Diego Maradona was a poet on the field but very fragile off it: Pope Francis


Pope Francis has hailed fellow Argentine Diego Maradona as a “poet” on the pitch but additionally acknowledged his frailty away from the sport.

In a wide-ranging interview with Italian sports activities day by day La Gazzetta dello Sport printed on Saturday, Francis recalled his personal days enjoying soccer as a youngster with a ball manufactured from rags and laid naked his scorn for doping cheats.

Francis is a huge soccer fan and met Maradona, who died in November, a number of occasions after changing into pope in 2013.

“On the field he was a poet, a great champion who gave joy to millions of people, in Argentina as in Naples. He was also a very fragile man,” Francis mentioned.

Maradona performed for Napoli from 1984 to 1991 successful two Serie A titles and the UEFA Cup.
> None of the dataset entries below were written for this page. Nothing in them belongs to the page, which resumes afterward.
(* Bessel's inequality for xs extended by the normalised restriction of b to the coordinates
   outside I. *)
lemma frame_weight_add_overlap_le_1:
  assumes xs: "set xs \<subseteq> carrier_vec n" "orthonormal xs"
    and b: "b \<in> carrier_vec n" and orth: "\<forall>x\<in>set xs. x \<bullet>c b = 0"
    and vanish: "\<forall>x\<in>set xs. \<forall>i\<in>I. x $ i = 0"
    and S: "S = (\<Sum>i\<in>{..<n} - I. (cmod (b $ i))\<^sup>2)" "S \<noteq> 0"
    and i: "i < n" "i \<notin> I"
  shows "frame_weight xs i + (cmod (b $ i))\<^sup>2 / S \<le> 1"
proof -
  define b' where "b' = vec n (\<lambda>i. if i \<in> I then 0 else b $ i)"
  define c where "c = complex_of_real (1 / sqrt S)"
  have b': "b' \<in> carrier_vec n" unfolding b'_def by simp
  have "sq_norm b' = (\<Sum>i<n. if i \<in> I then 0 else (cmod (b $ i))\<^sup>2)"
    unfolding sq_norm_def b'_def by (auto intro!: sum.cong)
  also have "\<dots> = S"
    unfolding S by (simp add: sum.If_cases Diff_eq)
  finally have nb': "sq_norm b' = S" .
  have S_pos: "0 < S"
    using S sq_norm_nonneg[of b'] nb' by simp
  have w: "c \<cdot>\<^sub>v b' \<in> carrier_vec n" "(c \<cdot>\<^sub>v b') \<bullet>c (c \<cdot>\<^sub>v b') = 1"
    using cscalar_prod_normalize[OF b'] b' nb' S unfolding c_def by auto
  have "x \<bullet>c (c \<cdot>\<^sub>v b') = 0" if x: "x \<in> set xs" for x
  proof -
    have "x \<bullet>c b' = x \<bullet>c b"
      using x xs(1) vanish b unfolding b'_def by (auto simp: scalar_prod_def intro!: sum.cong)
    then show ?thesis
      using x xs(1) orth b' by (auto simp: conjugate_smult_vec)
  qed
  then have "orthonormal (xs @ [c \<cdot>\<^sub>v b'])"
    using xs w by (intro orthonormal_append[of _ n]) (auto simp: orthonormal_singleton)
  then have "frame_weight (xs @ [c \<cdot>\<^sub>v b']) i \<le> 1"
    using xs w i by (intro frame_weight_le_1[of _ n]) auto
  moreover have "(cmod ((c \<cdot>\<^sub>v b') $ i))\<^sup>2 = (cmod (b $ i))\<^sup>2 / S"
    using i S_pos unfolding c_def b'_def
    by (simp add: norm_divide power_divide)
  ultimately show ?thesis
    by (simp add: frame_weight_append_singleton)
qed

lemma cscalar_prod_mat_diag:
  assumes "a \<in> carrier_vec m"
  shows "(mat_diag m d *\<^sub>v a) \<bullet>c a = (\<Sum>j<m. d j * complex_of_real ((cmod (a $ j))\<^sup>2))"
proof -
  have "mat_diag m d *\<^sub>v a = vec m (\<lambda>j. d j * a $ j)"
  proof (rule eq_vecI)
    fix j assume "j < dim_vec (vec m (\<lambda>j. d j * a $ j))"
    then show "(mat_diag m d *\<^sub>v a) $ j = vec m (\<lambda>j. d j * a $ j) $ j"
      using assms by (auto simp: mat_diag_def scalar_prod_def) (subst sum.remove[of _ j]; auto)
  qed (use assms in \<open>auto simp: mat_diag_def\<close>)
  then show ?thesis
    using assms
    by (auto simp: scalar_prod_def lessThan_atLeast0 complex_norm_square mult.assoc
        simp del: of_real_power intro!: sum.cong)
qed

lemma quadratic_form_diagonalized:
  assumes A: "A \<in> carrier_mat n n" and Y: "Y \<in> carrier_mat n m"
    and diag: "adj Y * A * Y = mat_diag m d" and a: "a \<in> carrier_vec m"
  shows "(A *\<^sub>v (Y *\<^sub>v a)) \<bullet>c (Y *\<^sub>v a) = (\<Sum>j<m. d j * complex_of_real ((cmod (a $ j))\<^sup>2))"
proof -
  have "(A *\<^sub>v (Y *\<^sub>v a)) \<bullet>c (Y *\<^sub>v a) = (adj Y *\<^sub>v (A *\<^sub>v (Y *\<^sub>v a))) \<bullet>c a"
    using cscalar_prod_adj[of "adj Y" m n "A *\<^sub>v (Y *\<^sub>v a)" a] A Y a by simp
  also have "adj Y *\<^sub>v (A *\<^sub>v (Y *\<^sub>v a)) = (adj Y * A * Y) *\<^sub>v a"
  proof -
    have "adj Y \<in> carrier_mat m n" "adj Y * A \<in> carrier_mat m n" "Y *\<^sub>v a \<in> carrier_vec n"
      using A Y a by auto
    then show ?thesis
      using assoc_mult_mat_vec[of "adj Y * A" m n Y m a] assoc_mult_mat_vec[of "adj Y" m n A n] A Y a
      by simp
  qed
  finally show ?thesis
    using diag cscalar_prod_mat_diag[OF a] by simp
qed

section \<open>Unitary diagonalization of Hermitian matrices\<close>

lemma hermitian_sandwich:
  assumes A: "A \<in> carrier_mat n n" "adj A = A" and U: "U \<in> carrier_mat n m"
  shows "adj (adj U * A * U) = adj U * A * U"
proof -
  have UA: "adj U * A \<in> carrier_mat m n"
    using A U by auto
  have "adj (adj U * A * U) = adj U * adj (adj U * A)"
    using adj_mult[OF UA U] by simp
  also have "adj (adj U * A) = A * U"
    using adj_mult[OF adj_carrier[OF U] A(1)] A(2) by simp
  finally show ?thesis
    using assoc_mult_mat[OF adj_carrier[OF U] A(1) U] by simp
qed

lemma adj_mult_sandwich:
  assumes B: "B \<in> carrier_mat n n" and W: "W \<in> carrier_mat n k" and F: "F \<in> carrier_mat k m"
  shows "adj (W * F) * B * (W * F) = adj F * (adj W * B * W) * F"
proof -
  have c: "adj F \<in> carrier_mat m k" "adj W \<in> carrier_mat k n" "adj W * B \<in> carrier_mat k n"
    "W * F \<in> carrier_mat n m" "adj W * B * W \<in> carrier_mat k k"
    using B W F by auto
  have "adj (W * F) * B * (W * F) = adj F * (adj W * B) * (W * F)"
    unfolding adj_mult[OF W F] using assoc_mult_mat[OF c(1) c(2) B] by simp
  also have "\<dots> = adj F * ((adj W * B) * (W * F))"
    by (rule assoc_mult_mat[OF c(1) c(3) c(4)])
  also have "(adj W * B) * (W * F) = (adj W * B * W) * F"
    by (rule assoc_mult_mat[OF c(3) W F, symmetric])
  also have "adj F * ((adj W * B * W) * F) = adj F * (adj W * B * W) * F"
    by (rule assoc_mult_mat[OF c(1) c(5) F, symmetric])
  finally show ?thesis .
qed

lemma isometry_mult:
  assumes W: "W \<in> carrier_mat n k" and F: "F \<in> carrier_mat k m"
    and "adj W * W = 1\<^sub>m k" "adj F * F = 1\<^sub>m m"
  shows "adj (W * F) * (W * F) = 1\<^sub>m m"
  using adj_mult_sandwich[OF one_carrier_mat W F] assms by simp

lemma exists_unit_eigenvector:
  fixes B :: "complex mat"
  assumes B: "B \<in> carrier_mat m m" and root: "poly (char_poly B) e = 0"
  obtains v where "v \<in> carrier_vec m" "v \<bullet>c v = 1" "B *\<^sub>v v = e \<cdot>\<^sub>v v"
proof -
  obtain w where "eigenvector B w e"
    using eigenvalue_root_char_poly[OF B] root unfolding eigenvalue_def by auto
  then have w: "w \<in> carrier_vec m" "w \<noteq> 0\<^sub>v m" "B *\<^sub>v w = e \<cdot>\<^sub>v w"
    using B unfolding eigenvector_def by auto
  define c where "c = complex_of_real (1 / sqrt (sq_norm w))"
  have "(c \<cdot>\<^sub>v w) \<bullet>c (c \<cdot>\<^sub>v w) = 1"
    unfolding c_def using w sq_norm_eq_0_iff by (intro cscalar_prod_normalize) auto
  moreover have "B *\<^sub>v (c \<cdot>\<^sub>v w) = e \<cdot>\<^sub>v (c \<cdot>\<^sub>v w)"
    using w B by (simp add: mult_mat_vec smult_smult_assoc mult.commute)
  ultimately show thesis
    using that[of "c \<cdot>\<^sub>v w"] w by simp
qed

lemma exists_unitary_first_col:
  assumes v: "v \<in> carrier_vec (Suc m)" "v \<bullet>c v = 1"
  obtains W where "W \<in> carrier_mat (Suc m) (Suc m)" "adj W * W = 1\<^sub>m (Suc m)" "col W 0 = v"
proof -
  obtain as where as: "length as = m" "set as \<subseteq> carrier_vec (Suc m)" "orthonormal as"
    "\<forall>a\<in>set as. a \<bullet>c v = 0"
    using exists_orthonormal_orthogonal[of "[v]" "Suc m" m] v by auto
  have "v \<bullet>c a = 0" if "a \<in> set as" for a
    using cscalar_prod_swap[of v "Suc m" a] v as that by auto
  then have "orthonormal ([v] @ as)"
    using v as by (intro orthonormal_append[of _ "Suc m"]) (auto simp: orthonormal_singleton)
  then have "adj (mat_of_cols (Suc m) (v # as)) * mat_of_cols (Suc m) (v # as) = 1\<^sub>m (Suc m)"
    using adj_mat_of_cols_orthonormal[of "v # as" "Suc m"] v as by simp
  moreover have "col (mat_of_cols (Suc m) (v # as)) 0 = v"
    using v by simp
  ultimately show thesis
    using that[of "mat_of_cols (Suc m) (v # as)"] mat_of_cols_carrier(1)[of "Suc m" "v # as"] as
    by simp
qed

lemma col_0_unitary_conj:
  assumes B: "B \<in> carrier_mat n n"
    and W: "W \<in> carrier_mat n n" "adj W * W = 1\<^sub>m n"
    and eig: "B *\<^sub>v col W 0 = e \<cdot>\<^sub>v col W 0" and n: "0 < n"
  shows "col (adj W * B * W) 0 = e \<cdot>\<^sub>v unit_vec n 0"
proof -
  have WB: "adj W * B \<in> carrier_mat n n"
    using B W by auto
  have W0: "col W 0 \<in> carrier_vec n"
    using col_carrier_vec[OF n W(1)] .
  have "col (adj W * B * W) 0 = adj W *\<^sub>v (B *\<^sub>v col W 0)"
    using col_mult2[OF WB W(1) n] assoc_mult_mat_vec[OF adj_carrier[OF W(1)] B W0] by simp
  also have "\<dots> = e \<cdot>\<^sub>v col (adj W * W) 0"
    using eig W0 col_mult2[OF adj_carrier[OF W(1)] W(1) n]
    by (simp add: mult_mat_vec[OF adj_carrier[OF W(1)] W0])
  finally show ?thesis
    using W(2) n by simp
qed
In 1986, he captained the Argentine staff to victory in the World Cup.

Despite his love for the recreation, Francis mentioned he was residing in Germany at the time and was not in a position to see the remaining performed in Mexico towards West Germany. He solely found the end result the subsequent day when a scholar wrote “Viva Argentina” on the blackboard throughout a language class.

“I personally remember it as a victory of loneliness because I had no one to share the joy of that sporting victory with,” he mentioned.

Francis mentioned he himself had no expertise for the sport and was pressured by his companions to play in purpose.

“But being a goalkeeper was a great school of life for me. The goalkeeper must be ready to respond to dangers that can come from all sides,” he mentioned.

Being poor, he recalled how he and his buddies couldn’t afford a correct ball, so needed to improvise: “All we needed was a ball made of rags to have fun and perform.”

While extolling the virtues of sport, Francis took intention at athletes who took performance-enhancing medication.

“Doping in sport is not only cheating, it is a shortcut that destroys dignity,” he mentioned. “Better a clean defeat than a dirty victory. I wish this for the whole world, not just the world of sport.”